**EXERCISE**
Look through the data that follows and copy each line with the string "gens".

**PROVIDED ENTRIES**
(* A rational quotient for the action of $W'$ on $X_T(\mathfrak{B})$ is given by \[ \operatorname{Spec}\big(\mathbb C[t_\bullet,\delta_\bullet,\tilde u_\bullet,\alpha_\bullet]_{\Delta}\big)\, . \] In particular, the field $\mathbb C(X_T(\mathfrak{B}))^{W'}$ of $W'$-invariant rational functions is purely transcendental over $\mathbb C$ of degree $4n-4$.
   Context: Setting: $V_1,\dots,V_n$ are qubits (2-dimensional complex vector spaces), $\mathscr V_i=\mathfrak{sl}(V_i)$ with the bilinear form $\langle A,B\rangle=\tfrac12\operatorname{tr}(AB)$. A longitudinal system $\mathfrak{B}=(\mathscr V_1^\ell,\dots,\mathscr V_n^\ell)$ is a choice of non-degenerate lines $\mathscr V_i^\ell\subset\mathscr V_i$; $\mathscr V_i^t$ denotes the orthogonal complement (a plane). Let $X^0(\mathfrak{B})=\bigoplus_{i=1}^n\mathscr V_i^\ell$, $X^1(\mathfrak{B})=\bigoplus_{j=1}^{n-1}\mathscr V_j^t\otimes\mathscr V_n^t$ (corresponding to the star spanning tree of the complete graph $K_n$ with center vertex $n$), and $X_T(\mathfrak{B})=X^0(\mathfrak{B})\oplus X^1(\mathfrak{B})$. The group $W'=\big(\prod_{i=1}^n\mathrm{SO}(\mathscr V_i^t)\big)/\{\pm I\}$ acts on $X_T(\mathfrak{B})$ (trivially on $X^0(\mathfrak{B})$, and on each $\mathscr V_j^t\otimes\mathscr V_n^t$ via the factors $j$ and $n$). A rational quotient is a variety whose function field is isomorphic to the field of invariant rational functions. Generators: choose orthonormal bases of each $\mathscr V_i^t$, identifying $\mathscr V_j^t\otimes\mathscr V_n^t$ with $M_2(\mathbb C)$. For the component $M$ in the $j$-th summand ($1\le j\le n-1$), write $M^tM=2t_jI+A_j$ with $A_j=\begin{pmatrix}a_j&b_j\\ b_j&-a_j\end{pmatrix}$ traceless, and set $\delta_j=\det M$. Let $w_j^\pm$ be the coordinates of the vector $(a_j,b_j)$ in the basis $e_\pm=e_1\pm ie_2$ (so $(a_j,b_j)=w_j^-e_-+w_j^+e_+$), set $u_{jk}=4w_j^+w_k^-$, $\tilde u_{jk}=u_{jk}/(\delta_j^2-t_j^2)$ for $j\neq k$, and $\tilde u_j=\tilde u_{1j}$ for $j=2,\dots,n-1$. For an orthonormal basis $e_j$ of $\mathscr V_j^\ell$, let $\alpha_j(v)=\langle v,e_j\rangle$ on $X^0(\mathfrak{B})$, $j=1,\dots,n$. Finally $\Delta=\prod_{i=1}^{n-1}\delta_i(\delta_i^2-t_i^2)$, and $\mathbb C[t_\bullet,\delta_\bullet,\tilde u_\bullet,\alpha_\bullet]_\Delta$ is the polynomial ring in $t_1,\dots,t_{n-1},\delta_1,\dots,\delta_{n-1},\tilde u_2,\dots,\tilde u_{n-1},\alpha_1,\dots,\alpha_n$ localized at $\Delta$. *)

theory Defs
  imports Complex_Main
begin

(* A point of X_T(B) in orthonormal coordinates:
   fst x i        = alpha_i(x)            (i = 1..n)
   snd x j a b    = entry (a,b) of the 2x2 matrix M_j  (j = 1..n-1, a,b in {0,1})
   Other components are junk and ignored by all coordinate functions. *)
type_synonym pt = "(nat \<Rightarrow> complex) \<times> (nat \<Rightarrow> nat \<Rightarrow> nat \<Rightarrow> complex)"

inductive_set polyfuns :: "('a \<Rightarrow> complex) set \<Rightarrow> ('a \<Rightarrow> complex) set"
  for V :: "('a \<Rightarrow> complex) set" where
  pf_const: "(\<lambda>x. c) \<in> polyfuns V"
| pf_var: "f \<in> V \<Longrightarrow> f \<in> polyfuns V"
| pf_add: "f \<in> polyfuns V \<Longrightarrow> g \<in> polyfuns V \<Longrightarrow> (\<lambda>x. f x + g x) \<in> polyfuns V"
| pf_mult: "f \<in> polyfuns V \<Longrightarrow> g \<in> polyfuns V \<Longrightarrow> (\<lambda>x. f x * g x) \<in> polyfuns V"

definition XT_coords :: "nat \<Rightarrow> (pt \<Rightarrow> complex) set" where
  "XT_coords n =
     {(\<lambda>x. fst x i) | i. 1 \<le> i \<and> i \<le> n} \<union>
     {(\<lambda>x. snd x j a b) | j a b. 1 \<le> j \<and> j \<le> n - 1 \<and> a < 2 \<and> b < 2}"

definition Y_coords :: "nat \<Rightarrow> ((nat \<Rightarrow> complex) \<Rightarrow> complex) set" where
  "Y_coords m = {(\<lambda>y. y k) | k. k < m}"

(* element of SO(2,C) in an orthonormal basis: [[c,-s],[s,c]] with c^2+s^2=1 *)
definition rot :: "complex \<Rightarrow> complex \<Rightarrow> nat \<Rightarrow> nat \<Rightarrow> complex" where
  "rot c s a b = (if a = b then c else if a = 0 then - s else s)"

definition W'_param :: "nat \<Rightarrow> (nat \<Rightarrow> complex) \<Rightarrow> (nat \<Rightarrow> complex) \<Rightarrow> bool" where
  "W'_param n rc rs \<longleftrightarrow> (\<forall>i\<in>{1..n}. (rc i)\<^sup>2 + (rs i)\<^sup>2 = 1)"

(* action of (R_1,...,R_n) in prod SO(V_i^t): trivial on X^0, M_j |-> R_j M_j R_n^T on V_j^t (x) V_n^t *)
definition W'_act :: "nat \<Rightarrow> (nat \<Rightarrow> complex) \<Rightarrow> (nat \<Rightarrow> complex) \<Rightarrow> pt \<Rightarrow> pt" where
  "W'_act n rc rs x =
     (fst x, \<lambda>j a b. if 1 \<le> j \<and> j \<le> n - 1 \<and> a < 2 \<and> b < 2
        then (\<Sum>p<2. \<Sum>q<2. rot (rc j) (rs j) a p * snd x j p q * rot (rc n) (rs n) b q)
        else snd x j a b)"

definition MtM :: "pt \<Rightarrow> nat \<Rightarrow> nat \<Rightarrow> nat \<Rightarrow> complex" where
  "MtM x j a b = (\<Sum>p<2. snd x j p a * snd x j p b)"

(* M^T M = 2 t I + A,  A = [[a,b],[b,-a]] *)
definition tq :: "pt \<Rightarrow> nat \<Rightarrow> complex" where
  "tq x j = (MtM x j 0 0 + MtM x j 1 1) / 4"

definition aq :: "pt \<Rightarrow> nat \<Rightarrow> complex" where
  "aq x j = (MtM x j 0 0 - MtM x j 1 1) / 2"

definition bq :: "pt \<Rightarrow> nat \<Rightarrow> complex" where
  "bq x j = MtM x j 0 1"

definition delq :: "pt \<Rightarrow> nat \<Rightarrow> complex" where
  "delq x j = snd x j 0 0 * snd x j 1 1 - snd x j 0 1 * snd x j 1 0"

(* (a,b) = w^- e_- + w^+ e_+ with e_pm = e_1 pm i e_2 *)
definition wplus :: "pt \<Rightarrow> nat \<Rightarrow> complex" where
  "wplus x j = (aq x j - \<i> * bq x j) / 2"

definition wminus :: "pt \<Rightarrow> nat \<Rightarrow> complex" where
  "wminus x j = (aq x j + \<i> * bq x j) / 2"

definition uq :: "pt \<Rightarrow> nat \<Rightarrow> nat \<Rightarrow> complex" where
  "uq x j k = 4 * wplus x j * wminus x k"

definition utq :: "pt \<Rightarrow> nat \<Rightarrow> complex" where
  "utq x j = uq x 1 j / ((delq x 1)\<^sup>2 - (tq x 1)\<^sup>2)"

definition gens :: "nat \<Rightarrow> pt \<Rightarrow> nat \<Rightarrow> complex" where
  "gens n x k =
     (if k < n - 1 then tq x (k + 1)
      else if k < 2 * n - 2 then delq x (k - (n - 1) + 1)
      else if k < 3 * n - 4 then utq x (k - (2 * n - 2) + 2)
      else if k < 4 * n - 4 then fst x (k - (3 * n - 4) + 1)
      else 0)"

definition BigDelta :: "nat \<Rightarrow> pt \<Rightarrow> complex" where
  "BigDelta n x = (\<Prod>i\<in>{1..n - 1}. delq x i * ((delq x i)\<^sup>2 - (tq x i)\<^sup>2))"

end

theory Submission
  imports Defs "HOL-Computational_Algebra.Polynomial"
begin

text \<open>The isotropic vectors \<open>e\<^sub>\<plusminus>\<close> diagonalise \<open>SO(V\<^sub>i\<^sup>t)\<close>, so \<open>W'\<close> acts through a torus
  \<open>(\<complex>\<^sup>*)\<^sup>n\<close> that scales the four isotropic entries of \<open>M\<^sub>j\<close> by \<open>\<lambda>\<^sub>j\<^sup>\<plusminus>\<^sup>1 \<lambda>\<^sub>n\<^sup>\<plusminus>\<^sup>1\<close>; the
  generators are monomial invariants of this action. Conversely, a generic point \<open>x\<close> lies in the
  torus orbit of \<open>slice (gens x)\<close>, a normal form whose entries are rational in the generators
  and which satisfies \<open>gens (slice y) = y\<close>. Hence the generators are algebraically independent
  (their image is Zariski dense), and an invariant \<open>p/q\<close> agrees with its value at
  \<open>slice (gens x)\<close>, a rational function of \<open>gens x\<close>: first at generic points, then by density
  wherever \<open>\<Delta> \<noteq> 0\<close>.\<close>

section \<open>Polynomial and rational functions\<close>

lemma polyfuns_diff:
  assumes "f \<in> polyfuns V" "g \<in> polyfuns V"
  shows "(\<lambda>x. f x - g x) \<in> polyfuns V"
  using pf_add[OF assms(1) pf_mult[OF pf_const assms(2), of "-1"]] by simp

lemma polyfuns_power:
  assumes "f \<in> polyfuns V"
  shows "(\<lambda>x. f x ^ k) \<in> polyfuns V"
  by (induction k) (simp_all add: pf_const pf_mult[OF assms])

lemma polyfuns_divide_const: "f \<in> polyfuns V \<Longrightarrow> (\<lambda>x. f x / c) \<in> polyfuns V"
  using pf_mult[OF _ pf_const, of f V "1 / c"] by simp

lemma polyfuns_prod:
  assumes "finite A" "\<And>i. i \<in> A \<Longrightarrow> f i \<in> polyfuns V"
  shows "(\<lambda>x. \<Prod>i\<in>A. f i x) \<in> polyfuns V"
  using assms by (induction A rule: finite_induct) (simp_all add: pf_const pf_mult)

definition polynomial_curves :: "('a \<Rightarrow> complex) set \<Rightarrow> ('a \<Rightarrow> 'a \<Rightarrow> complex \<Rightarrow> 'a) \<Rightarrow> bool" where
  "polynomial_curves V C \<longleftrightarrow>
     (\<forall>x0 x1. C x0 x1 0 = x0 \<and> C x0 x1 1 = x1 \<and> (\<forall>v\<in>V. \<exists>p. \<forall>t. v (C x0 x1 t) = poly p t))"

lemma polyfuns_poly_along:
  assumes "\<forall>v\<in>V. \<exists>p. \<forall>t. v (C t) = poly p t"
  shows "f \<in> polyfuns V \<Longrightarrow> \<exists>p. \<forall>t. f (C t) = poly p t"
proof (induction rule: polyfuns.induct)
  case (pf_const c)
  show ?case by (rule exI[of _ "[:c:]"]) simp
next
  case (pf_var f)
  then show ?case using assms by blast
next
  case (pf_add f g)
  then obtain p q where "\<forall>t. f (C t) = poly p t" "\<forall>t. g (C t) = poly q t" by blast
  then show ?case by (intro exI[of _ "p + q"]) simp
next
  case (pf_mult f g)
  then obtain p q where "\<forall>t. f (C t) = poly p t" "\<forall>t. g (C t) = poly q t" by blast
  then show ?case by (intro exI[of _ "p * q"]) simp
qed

**RESPONSE FOR THIS EXERCISE**
definition gens :: "nat \<Rightarrow> pt \<Rightarrow> nat \<Rightarrow> complex" where
  "gens n x k =
  torus orbit of \<open>slice (gens x)\<close>, a normal form whose entries are rational in the generators
  and which satisfies \<open>gens (slice y) = y\<close>. Hence the generators are algebraically independent
  \<open>slice (gens x)\<close>, a rational function of \<open>gens x\<close>: first at generic points, then by density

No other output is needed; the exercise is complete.